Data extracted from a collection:
********************

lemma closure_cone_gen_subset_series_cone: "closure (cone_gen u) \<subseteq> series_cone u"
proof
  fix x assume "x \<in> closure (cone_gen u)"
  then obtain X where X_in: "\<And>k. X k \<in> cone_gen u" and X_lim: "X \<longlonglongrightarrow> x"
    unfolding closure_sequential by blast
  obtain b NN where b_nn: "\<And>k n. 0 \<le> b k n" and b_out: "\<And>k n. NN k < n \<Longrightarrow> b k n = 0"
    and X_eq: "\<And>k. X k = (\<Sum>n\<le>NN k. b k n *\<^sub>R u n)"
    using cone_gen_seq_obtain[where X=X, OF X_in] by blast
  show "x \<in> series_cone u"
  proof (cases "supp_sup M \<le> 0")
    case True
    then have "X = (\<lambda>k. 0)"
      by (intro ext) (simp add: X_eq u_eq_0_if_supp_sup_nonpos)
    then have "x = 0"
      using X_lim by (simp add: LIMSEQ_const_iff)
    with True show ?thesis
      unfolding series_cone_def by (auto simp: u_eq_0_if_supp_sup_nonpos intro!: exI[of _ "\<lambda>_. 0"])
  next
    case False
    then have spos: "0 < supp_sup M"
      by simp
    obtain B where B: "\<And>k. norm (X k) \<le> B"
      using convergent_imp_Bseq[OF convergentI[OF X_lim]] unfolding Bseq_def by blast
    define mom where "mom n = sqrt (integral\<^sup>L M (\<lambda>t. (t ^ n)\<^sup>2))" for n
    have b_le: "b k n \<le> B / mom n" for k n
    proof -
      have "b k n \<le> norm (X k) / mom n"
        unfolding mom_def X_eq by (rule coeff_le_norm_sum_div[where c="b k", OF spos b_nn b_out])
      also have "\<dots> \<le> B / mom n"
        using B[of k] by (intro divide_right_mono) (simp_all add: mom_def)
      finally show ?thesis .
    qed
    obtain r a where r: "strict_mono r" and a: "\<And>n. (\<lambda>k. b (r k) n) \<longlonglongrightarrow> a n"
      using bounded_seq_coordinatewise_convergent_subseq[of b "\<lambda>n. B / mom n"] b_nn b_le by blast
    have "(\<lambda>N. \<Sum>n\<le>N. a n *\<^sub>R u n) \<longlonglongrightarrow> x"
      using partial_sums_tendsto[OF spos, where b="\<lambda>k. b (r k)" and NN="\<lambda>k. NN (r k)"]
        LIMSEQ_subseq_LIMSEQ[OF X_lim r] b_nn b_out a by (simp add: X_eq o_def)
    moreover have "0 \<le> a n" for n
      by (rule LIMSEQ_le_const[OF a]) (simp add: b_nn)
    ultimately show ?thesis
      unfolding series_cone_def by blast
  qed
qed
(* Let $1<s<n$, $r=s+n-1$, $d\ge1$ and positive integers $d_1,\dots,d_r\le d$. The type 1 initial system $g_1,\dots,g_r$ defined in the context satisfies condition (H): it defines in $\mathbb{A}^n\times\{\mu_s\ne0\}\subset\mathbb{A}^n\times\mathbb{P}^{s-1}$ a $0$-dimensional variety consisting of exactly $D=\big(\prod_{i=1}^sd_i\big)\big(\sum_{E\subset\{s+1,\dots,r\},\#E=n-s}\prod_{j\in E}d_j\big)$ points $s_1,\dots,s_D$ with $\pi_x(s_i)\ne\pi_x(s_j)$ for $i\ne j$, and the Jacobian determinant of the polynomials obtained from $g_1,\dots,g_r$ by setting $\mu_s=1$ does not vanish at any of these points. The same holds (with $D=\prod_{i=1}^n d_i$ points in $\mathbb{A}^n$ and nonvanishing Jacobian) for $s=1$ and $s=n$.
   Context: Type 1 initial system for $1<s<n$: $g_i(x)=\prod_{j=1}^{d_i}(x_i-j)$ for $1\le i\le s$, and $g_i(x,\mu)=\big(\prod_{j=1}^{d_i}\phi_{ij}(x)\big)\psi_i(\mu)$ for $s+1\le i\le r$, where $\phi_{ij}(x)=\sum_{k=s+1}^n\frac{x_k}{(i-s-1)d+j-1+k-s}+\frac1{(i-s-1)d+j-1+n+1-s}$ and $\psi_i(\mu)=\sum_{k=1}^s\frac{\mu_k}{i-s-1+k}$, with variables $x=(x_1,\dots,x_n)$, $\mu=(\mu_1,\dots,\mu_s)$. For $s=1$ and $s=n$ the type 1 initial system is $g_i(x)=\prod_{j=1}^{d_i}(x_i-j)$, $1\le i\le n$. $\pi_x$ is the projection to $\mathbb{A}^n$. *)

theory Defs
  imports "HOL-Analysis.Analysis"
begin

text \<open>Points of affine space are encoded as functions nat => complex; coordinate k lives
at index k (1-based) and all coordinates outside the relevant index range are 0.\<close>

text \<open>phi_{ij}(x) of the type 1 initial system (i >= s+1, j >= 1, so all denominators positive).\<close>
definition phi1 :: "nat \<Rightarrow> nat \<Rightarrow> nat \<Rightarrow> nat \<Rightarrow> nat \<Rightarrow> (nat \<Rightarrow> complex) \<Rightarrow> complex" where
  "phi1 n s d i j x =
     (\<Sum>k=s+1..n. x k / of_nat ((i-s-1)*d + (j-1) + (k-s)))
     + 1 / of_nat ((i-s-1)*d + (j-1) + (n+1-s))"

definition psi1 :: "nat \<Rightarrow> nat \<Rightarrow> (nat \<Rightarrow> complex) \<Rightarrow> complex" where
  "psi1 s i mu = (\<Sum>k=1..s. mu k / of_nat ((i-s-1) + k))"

********************

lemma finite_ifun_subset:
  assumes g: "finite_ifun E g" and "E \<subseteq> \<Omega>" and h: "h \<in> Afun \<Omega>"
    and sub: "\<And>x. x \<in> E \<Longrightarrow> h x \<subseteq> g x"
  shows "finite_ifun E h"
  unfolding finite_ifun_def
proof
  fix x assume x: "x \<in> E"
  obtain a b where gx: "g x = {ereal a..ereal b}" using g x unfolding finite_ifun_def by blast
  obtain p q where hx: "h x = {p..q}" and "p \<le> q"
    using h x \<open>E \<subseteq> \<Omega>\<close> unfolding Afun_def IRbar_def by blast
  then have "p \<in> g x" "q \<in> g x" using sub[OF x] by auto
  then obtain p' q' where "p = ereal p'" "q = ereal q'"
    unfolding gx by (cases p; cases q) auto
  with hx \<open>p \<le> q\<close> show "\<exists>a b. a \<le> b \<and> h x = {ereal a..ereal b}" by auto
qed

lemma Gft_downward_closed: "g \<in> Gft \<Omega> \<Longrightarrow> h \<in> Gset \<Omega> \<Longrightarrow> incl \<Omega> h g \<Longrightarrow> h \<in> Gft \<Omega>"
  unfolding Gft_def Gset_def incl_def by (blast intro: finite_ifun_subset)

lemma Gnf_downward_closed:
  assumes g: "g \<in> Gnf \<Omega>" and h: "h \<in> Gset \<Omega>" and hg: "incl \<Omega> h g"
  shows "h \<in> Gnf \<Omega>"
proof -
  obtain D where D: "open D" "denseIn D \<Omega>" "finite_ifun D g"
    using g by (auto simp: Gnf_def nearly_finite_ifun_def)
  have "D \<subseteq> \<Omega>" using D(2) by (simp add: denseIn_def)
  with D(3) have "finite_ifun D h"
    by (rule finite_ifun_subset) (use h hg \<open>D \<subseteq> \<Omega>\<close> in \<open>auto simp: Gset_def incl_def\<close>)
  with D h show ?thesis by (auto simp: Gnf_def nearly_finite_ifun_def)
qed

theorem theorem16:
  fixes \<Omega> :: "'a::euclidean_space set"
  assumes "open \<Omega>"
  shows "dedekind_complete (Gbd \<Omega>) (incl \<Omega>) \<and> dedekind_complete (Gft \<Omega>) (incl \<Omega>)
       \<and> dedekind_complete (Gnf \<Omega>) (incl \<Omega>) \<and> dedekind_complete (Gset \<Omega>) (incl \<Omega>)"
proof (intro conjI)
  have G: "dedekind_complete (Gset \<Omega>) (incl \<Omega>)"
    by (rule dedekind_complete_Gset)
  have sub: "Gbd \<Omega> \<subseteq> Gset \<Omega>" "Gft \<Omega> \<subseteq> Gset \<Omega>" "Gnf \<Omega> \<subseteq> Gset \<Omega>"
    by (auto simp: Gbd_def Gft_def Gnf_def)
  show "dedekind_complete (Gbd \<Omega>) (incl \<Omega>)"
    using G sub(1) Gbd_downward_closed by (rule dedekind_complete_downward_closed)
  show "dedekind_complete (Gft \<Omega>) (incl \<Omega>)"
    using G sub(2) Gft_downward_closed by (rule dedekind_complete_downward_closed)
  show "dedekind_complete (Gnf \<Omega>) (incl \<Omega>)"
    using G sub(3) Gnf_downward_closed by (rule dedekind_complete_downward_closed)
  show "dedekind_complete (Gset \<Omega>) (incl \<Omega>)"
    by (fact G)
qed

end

********************

**Task prompt:** Copy each line above where the string "system" occurs.

**Response box:**
(* Let $1<s<n$, $r=s+n-1$, $d\ge1$ and positive integers $d_1,\dots,d_r\le d$. The type 1 initial system $g_1,\dots,g_r$ defined in the context satisfies condition (H): it defines in $\mathbb{A}^n\times\{\mu_s\ne0\}\subset\mathbb{A}^n\times\mathbb{P}^{s-1}$ a $0$-dimensional variety consisting of exactly $D=\big(\prod_{i=1}^sd_i\big)\big(\sum_{E\subset\{s+1,\dots,r\},\#E=n-s}\prod_{j\in E}d_j\big)$ points $s_1,\dots,s_D$ with $\pi_x(s_i)\ne\pi_x(s_j)$ for $i\ne j$, and the Jacobian determinant of the polynomials obtained from $g_1,\dots,g_r$ by setting $\mu_s=1$ does not vanish at any of these points. The same holds (with $D=\prod_{i=1}^n d_i$ points in $\mathbb{A}^n$ and nonvanishing Jacobian) for $s=1$ and $s=n$.
   Context: Type 1 initial system for $1<s<n$: $g_i(x)=\prod_{j=1}^{d_i}(x_i-j)$ for $1\le i\le s$, and $g_i(x,\mu)=\big(\prod_{j=1}^{d_i}\phi_{ij}(x)\big)\psi_i(\mu)$ for $s+1\le i\le r$, where $\phi_{ij}(x)=\sum_{k=s+1}^n\frac{x_k}{(i-s-1)d+j-1+k-s}+\frac1{(i-s-1)d+j-1+n+1-s}$ and $\psi_i(\mu)=\sum_{k=1}^s\frac{\mu_k}{i-s-1+k}$, with variables $x=(x_1,\dots,x_n)$, $\mu=(\mu_1,\dots,\mu_s)$. For $s=1$ and $s=n$ the type 1 initial system is $g_i(x)=\prod_{j=1}^{d_i}(x_i-j)$, $1\le i\le n$. $\pi_x$ is the projection to $\mathbb{A}^n$. *)
text \<open>phi_{ij}(x) of the type 1 initial system (i >= s+1, j >= 1, so all denominators positive).\<close>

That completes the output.